## Work required
The response must consist of the lines below from the one with "P \<gamma> \<pi>' \<phi> s1 \<le>" through the one with "a local minimizer", exactly as they appear and with both ends kept.

Data excerpts:
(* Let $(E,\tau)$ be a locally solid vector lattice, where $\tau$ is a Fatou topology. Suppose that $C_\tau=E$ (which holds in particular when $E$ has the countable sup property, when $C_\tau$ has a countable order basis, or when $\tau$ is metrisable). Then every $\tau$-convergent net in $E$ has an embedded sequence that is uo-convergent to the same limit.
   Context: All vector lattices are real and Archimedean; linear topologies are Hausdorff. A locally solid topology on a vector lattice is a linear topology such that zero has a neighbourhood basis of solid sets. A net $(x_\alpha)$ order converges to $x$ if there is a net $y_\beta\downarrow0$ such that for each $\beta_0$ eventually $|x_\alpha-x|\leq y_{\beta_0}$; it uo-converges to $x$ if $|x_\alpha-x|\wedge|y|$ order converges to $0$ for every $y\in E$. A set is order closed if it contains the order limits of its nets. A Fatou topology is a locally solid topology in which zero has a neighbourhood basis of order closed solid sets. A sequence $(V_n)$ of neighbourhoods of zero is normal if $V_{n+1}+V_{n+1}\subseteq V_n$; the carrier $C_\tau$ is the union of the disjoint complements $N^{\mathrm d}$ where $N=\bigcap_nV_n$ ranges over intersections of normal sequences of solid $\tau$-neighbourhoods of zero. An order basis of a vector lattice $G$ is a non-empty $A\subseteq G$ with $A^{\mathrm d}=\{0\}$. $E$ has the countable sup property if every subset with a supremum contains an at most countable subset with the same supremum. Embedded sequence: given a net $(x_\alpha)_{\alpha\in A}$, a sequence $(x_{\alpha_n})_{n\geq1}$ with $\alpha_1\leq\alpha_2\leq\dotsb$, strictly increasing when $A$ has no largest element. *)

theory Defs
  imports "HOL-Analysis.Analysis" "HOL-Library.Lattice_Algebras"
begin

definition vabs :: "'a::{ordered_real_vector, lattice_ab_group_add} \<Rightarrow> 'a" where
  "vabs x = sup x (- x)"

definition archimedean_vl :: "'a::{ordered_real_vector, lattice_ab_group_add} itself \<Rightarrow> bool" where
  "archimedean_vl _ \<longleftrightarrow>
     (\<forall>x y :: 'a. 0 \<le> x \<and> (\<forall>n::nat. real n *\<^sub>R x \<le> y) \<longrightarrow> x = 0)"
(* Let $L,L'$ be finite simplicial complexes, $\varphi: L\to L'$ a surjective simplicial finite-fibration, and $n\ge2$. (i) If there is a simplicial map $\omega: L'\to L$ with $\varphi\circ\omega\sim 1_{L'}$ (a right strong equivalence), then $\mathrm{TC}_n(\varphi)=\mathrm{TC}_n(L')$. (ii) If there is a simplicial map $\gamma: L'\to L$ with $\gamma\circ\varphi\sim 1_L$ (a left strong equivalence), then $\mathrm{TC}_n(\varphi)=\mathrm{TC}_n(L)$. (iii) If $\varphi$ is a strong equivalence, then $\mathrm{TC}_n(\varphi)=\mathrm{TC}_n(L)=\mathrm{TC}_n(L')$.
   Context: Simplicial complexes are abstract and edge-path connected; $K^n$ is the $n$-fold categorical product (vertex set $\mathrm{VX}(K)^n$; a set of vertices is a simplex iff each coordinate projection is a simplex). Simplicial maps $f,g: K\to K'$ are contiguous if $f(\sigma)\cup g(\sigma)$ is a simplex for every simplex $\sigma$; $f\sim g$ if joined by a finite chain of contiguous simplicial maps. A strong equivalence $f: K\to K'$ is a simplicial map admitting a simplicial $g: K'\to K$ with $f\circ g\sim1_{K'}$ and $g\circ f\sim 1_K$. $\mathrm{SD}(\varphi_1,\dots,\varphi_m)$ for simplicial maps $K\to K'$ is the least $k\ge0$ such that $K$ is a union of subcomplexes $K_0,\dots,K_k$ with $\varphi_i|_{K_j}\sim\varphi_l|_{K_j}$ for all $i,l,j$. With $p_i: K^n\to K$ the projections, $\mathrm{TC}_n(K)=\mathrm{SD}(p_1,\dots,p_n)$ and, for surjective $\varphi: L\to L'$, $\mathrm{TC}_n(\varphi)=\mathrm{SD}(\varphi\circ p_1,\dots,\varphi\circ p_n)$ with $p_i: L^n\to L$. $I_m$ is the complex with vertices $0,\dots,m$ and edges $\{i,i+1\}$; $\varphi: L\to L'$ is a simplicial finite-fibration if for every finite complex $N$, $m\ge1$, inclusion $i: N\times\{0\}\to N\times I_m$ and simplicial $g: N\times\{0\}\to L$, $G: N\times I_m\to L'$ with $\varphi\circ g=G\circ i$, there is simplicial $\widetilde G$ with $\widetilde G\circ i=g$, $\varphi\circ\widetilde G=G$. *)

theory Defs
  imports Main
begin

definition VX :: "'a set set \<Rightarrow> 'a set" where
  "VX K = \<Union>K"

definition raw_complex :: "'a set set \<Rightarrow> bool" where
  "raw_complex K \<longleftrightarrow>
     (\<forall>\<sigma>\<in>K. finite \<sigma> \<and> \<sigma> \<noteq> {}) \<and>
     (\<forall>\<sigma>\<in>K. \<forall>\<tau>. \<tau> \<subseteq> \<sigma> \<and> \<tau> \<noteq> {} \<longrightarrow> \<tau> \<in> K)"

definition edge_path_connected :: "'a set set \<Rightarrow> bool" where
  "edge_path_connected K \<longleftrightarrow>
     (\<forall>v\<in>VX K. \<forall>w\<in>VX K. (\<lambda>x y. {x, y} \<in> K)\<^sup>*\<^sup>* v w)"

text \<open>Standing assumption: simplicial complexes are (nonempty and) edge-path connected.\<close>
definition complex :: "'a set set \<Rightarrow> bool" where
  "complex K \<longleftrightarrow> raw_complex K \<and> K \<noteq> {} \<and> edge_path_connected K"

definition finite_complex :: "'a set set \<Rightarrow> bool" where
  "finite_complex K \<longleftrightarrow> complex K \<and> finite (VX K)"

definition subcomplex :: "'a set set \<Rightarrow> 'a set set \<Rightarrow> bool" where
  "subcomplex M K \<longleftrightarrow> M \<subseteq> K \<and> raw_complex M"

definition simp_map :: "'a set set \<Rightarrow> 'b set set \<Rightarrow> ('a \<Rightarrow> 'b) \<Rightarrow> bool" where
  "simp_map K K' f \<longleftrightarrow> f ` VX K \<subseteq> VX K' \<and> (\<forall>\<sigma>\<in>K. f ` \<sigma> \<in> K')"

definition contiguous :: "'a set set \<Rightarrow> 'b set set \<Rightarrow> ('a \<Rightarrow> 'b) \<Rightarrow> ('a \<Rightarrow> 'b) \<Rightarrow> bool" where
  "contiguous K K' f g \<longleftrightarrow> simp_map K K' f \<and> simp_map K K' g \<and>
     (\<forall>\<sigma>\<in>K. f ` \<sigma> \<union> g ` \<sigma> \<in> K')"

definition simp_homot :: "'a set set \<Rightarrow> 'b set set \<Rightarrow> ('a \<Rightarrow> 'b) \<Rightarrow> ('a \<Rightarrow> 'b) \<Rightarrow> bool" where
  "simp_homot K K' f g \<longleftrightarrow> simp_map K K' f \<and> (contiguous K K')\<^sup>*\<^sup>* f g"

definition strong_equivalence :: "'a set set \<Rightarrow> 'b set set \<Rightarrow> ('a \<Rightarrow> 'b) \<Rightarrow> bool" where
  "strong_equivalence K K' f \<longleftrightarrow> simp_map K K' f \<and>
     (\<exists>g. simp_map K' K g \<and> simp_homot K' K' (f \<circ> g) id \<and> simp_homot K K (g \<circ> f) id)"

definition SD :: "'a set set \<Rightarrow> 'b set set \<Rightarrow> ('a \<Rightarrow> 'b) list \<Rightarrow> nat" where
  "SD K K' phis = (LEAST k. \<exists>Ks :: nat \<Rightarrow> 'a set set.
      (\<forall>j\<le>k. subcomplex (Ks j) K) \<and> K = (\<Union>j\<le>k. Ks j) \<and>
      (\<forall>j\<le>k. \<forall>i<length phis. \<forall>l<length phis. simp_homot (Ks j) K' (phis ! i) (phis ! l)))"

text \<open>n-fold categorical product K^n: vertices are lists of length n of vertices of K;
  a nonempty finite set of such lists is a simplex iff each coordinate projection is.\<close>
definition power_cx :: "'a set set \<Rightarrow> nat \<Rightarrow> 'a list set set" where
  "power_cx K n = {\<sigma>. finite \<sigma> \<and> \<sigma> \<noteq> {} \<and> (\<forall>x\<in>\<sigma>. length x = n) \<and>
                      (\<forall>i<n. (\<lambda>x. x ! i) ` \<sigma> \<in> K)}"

==

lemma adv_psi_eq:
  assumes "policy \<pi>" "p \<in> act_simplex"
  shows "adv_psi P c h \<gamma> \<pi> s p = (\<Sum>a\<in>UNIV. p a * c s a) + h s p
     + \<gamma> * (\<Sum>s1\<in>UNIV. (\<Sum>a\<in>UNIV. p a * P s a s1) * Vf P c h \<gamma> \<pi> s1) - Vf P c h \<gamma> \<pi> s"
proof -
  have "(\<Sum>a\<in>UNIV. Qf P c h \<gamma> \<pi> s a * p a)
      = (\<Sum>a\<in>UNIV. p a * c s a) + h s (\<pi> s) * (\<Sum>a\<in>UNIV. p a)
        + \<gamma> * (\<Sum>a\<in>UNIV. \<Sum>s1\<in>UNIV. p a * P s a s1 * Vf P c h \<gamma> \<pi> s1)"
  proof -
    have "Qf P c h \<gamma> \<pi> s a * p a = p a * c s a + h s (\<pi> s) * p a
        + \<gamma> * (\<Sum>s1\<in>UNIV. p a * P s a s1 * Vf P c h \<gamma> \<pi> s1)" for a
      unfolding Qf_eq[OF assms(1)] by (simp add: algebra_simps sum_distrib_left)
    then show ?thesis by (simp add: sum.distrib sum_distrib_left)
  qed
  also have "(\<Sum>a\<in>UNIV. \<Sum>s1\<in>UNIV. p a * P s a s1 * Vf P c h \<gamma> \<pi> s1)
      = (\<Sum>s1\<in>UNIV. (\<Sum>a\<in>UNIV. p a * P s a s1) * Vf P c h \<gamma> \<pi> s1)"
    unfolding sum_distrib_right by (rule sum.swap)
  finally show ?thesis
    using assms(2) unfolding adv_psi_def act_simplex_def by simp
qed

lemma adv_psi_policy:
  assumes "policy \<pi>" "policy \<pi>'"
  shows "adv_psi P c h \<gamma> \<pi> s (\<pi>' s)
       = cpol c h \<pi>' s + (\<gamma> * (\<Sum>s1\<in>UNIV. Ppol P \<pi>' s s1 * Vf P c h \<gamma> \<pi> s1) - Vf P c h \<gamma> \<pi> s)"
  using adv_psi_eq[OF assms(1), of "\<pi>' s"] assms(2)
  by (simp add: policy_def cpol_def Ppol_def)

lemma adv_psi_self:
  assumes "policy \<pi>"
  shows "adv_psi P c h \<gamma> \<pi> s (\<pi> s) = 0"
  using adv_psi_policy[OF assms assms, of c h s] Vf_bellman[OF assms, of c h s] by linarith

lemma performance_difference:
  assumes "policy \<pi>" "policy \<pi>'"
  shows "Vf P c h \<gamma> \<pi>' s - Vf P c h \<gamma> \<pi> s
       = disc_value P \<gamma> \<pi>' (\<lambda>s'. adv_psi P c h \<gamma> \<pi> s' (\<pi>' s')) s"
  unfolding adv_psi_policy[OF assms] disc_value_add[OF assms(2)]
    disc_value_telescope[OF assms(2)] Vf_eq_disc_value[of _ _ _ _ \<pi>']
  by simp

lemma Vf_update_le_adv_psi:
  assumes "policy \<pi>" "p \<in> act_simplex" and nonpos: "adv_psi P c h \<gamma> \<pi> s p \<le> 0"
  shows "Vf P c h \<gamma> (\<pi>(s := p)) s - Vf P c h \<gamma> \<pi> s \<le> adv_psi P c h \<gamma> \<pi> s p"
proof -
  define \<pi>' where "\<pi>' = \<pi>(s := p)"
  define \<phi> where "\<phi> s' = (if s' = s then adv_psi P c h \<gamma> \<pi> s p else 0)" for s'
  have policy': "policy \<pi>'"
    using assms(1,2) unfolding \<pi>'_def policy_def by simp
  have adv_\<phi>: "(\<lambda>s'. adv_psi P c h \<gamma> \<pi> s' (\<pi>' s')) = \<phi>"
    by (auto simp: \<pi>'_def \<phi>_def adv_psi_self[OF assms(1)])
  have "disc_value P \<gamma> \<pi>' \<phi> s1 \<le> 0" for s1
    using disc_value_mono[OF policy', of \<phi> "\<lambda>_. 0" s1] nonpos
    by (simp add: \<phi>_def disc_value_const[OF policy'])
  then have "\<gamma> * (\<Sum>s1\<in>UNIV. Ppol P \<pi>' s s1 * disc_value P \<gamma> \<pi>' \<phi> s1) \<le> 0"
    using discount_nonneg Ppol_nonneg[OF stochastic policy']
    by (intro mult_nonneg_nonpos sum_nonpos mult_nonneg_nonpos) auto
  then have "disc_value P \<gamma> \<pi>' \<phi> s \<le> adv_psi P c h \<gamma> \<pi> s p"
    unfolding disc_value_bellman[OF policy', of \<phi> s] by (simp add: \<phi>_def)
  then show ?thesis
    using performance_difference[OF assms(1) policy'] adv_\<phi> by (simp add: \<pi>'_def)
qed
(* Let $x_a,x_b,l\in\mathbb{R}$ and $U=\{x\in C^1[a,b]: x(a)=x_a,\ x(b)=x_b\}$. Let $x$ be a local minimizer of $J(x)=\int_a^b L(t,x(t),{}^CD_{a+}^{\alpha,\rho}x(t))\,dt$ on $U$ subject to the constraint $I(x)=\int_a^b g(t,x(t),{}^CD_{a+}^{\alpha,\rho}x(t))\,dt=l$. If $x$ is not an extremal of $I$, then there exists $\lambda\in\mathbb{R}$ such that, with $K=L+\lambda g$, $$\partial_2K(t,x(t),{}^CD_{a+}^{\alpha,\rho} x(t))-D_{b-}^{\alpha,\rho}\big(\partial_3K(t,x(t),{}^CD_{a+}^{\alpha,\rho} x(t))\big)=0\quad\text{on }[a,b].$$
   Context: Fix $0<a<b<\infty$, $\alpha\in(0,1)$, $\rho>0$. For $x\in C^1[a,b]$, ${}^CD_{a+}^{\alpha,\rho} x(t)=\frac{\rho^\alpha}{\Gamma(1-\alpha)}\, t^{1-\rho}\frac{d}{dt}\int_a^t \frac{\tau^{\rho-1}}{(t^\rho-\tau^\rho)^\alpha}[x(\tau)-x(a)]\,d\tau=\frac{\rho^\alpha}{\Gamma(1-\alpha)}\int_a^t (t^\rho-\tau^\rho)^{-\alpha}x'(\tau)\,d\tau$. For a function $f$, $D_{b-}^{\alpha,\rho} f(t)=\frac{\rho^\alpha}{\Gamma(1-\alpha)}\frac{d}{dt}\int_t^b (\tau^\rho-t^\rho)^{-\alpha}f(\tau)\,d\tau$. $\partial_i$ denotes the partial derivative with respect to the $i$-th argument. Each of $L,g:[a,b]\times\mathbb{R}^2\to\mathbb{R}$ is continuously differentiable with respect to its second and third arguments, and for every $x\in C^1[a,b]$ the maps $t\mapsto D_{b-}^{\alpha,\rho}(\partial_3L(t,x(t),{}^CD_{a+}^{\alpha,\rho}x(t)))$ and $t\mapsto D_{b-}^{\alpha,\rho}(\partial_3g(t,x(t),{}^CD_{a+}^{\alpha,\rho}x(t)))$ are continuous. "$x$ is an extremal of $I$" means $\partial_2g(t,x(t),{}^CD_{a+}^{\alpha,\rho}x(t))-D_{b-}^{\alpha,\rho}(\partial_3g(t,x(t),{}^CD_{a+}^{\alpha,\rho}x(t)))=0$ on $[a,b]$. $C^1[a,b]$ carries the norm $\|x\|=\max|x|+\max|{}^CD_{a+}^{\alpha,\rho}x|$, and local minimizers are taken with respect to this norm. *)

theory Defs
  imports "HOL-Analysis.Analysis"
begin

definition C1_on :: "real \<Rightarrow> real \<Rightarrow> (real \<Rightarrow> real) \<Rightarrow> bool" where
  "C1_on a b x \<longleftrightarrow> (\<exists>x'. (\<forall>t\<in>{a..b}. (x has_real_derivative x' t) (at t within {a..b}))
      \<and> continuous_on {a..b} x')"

...

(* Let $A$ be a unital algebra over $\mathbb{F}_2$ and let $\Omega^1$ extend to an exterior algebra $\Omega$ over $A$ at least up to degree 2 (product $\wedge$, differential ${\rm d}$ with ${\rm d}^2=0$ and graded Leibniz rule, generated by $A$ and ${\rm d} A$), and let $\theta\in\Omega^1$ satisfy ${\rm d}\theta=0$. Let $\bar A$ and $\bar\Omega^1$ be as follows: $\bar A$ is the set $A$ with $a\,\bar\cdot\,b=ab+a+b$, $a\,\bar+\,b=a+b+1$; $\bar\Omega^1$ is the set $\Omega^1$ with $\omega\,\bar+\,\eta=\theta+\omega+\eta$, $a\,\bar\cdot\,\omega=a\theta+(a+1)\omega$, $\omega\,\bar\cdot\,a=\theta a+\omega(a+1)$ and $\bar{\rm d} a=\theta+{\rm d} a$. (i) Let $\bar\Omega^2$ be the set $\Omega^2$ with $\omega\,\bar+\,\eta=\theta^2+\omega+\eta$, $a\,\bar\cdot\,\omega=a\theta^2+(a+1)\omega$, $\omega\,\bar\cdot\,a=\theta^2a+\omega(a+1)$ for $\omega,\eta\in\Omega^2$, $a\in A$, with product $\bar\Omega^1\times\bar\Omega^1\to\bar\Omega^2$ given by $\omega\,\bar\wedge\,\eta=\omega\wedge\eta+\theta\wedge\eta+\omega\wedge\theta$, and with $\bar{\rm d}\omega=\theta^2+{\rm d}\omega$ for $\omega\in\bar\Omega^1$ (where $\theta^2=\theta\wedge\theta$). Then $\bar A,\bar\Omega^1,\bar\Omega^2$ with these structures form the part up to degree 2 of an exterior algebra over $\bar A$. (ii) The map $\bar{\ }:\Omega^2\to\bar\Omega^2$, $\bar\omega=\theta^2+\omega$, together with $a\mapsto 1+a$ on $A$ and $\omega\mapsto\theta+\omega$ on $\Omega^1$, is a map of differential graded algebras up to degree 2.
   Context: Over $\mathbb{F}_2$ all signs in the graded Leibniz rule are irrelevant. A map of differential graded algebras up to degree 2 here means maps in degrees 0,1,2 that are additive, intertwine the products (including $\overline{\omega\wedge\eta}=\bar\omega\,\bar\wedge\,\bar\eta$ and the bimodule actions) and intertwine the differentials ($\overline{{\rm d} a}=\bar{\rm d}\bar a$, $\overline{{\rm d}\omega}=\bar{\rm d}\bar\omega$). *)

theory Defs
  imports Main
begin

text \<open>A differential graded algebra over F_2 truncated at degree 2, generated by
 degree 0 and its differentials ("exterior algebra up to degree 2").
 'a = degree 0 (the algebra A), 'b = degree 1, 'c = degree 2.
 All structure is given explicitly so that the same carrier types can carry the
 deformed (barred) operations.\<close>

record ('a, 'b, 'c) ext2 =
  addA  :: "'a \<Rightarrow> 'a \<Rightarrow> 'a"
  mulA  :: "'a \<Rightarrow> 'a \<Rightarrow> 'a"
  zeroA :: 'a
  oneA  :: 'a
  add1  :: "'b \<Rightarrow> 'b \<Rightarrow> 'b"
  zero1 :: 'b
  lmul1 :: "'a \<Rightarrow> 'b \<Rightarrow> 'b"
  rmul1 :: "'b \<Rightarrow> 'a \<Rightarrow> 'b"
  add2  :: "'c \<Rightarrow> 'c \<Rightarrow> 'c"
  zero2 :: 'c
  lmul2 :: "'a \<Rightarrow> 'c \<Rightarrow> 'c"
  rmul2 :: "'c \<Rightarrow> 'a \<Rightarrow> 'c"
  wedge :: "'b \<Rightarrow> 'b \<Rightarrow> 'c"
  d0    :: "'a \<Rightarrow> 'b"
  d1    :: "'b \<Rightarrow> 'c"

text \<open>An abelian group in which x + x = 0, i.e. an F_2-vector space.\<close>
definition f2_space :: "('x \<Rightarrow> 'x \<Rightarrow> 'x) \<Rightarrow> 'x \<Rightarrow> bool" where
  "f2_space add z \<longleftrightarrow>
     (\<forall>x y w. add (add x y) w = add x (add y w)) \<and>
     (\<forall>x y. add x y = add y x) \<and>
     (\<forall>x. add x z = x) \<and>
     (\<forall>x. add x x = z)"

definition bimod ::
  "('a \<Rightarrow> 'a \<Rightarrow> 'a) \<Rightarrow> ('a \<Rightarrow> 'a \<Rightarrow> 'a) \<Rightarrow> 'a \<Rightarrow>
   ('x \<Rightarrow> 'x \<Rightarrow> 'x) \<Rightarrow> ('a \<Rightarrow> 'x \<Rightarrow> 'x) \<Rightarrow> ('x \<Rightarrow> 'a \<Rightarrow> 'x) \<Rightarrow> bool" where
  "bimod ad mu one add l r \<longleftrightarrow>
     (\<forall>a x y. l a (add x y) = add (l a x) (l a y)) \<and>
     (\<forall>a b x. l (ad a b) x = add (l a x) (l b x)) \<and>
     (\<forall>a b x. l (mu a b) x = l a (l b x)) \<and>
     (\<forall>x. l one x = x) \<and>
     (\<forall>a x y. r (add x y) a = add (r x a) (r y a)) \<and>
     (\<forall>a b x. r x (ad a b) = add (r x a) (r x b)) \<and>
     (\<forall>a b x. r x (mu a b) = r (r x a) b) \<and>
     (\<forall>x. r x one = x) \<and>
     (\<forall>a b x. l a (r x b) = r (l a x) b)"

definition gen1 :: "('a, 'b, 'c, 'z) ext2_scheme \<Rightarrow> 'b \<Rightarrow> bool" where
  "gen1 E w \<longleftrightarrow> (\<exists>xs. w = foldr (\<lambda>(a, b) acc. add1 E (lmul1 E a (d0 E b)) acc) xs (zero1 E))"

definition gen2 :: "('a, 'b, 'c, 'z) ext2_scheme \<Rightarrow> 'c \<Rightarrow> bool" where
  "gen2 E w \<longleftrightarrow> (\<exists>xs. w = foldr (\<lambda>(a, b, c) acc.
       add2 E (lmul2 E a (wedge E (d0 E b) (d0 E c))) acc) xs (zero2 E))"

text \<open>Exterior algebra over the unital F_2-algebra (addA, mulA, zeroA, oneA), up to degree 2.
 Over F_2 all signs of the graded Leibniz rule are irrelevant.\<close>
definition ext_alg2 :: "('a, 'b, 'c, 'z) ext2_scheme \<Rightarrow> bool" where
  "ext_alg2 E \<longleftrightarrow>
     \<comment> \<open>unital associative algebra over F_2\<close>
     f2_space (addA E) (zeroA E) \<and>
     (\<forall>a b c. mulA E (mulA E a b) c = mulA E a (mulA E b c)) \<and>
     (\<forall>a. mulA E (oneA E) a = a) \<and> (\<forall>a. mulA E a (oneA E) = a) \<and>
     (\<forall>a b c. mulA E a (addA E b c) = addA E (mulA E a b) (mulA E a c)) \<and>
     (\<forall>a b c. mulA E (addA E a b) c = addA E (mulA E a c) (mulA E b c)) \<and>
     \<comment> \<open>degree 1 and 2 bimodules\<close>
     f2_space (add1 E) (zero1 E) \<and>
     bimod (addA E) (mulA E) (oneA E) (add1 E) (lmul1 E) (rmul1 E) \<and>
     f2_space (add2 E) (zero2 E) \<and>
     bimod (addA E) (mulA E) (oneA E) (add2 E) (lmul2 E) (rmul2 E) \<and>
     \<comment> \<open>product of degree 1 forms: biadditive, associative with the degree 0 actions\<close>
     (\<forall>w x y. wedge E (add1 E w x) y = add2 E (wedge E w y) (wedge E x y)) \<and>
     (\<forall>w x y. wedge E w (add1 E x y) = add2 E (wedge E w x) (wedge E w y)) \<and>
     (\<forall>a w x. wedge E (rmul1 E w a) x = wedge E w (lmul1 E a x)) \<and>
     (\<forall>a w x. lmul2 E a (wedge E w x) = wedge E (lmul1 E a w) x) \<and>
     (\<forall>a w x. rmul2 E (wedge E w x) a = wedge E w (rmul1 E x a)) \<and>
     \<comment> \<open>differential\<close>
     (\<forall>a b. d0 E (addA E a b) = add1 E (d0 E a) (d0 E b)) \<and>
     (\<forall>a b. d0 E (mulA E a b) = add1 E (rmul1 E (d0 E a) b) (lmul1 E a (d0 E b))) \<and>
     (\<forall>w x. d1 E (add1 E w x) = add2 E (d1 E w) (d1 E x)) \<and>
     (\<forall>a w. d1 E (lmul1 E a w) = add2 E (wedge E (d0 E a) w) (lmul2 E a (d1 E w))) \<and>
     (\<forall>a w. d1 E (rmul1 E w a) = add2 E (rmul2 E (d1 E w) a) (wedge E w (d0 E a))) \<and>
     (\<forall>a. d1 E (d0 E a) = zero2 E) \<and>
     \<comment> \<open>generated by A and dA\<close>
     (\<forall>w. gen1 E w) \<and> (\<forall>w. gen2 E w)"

## Exercise answer
  have "disc_value P \<gamma> \<pi>' \<phi> s1 \<le> 0" for s1
    using disc_value_mono[OF policy', of \<phi> "\<lambda>_. 0" s1] nonpos
    by (simp add: \<phi>_def disc_value_const[OF policy'])
  then have "\<gamma> * (\<Sum>s1\<in>UNIV. Ppol P \<pi>' s s1 * disc_value P \<gamma> \<pi>' \<phi> s1) \<le> 0"
    using discount_nonneg Ppol_nonneg[OF stochastic policy']
    by (intro mult_nonneg_nonpos sum_nonpos mult_nonneg_nonpos) auto
  then have "disc_value P \<gamma> \<pi>' \<phi> s \<le> adv_psi P c h \<gamma> \<pi> s p"
    unfolding disc_value_bellman[OF policy', of \<phi> s] by (simp add: \<phi>_def)
  then show ?thesis
    using performance_difference[OF assms(1) policy'] adv_\<phi> by (simp add: \<pi>'_def)
qed
(* Let $x_a,x_b,l\in\mathbb{R}$ and $U=\{x\in C^1[a,b]: x(a)=x_a,\ x(b)=x_b\}$. Let $x$ be a local minimizer of $J(x)=\int_a^b L(t,x(t),{}^CD_{a+}^{\alpha,\rho}x(t))\,dt$ on $U$ subject to the constraint $I(x)=\int_a^b g(t,x(t),{}^CD_{a+}^{\alpha,\rho}x(t))\,dt=l$. If $x$ is not an extremal of $I$, then there exists $\lambda\in\mathbb{R}$ such that, with $K=L+\lambda g$, $$\partial_2K(t,x(t),{}^CD_{a+}^{\alpha,\rho} x(t))-D_{b-}^{\alpha,\rho}\big(\partial_3K(t,x(t),{}^CD_{a+}^{\alpha,\rho} x(t))\big)=0\quad\text{on }[a,b].$$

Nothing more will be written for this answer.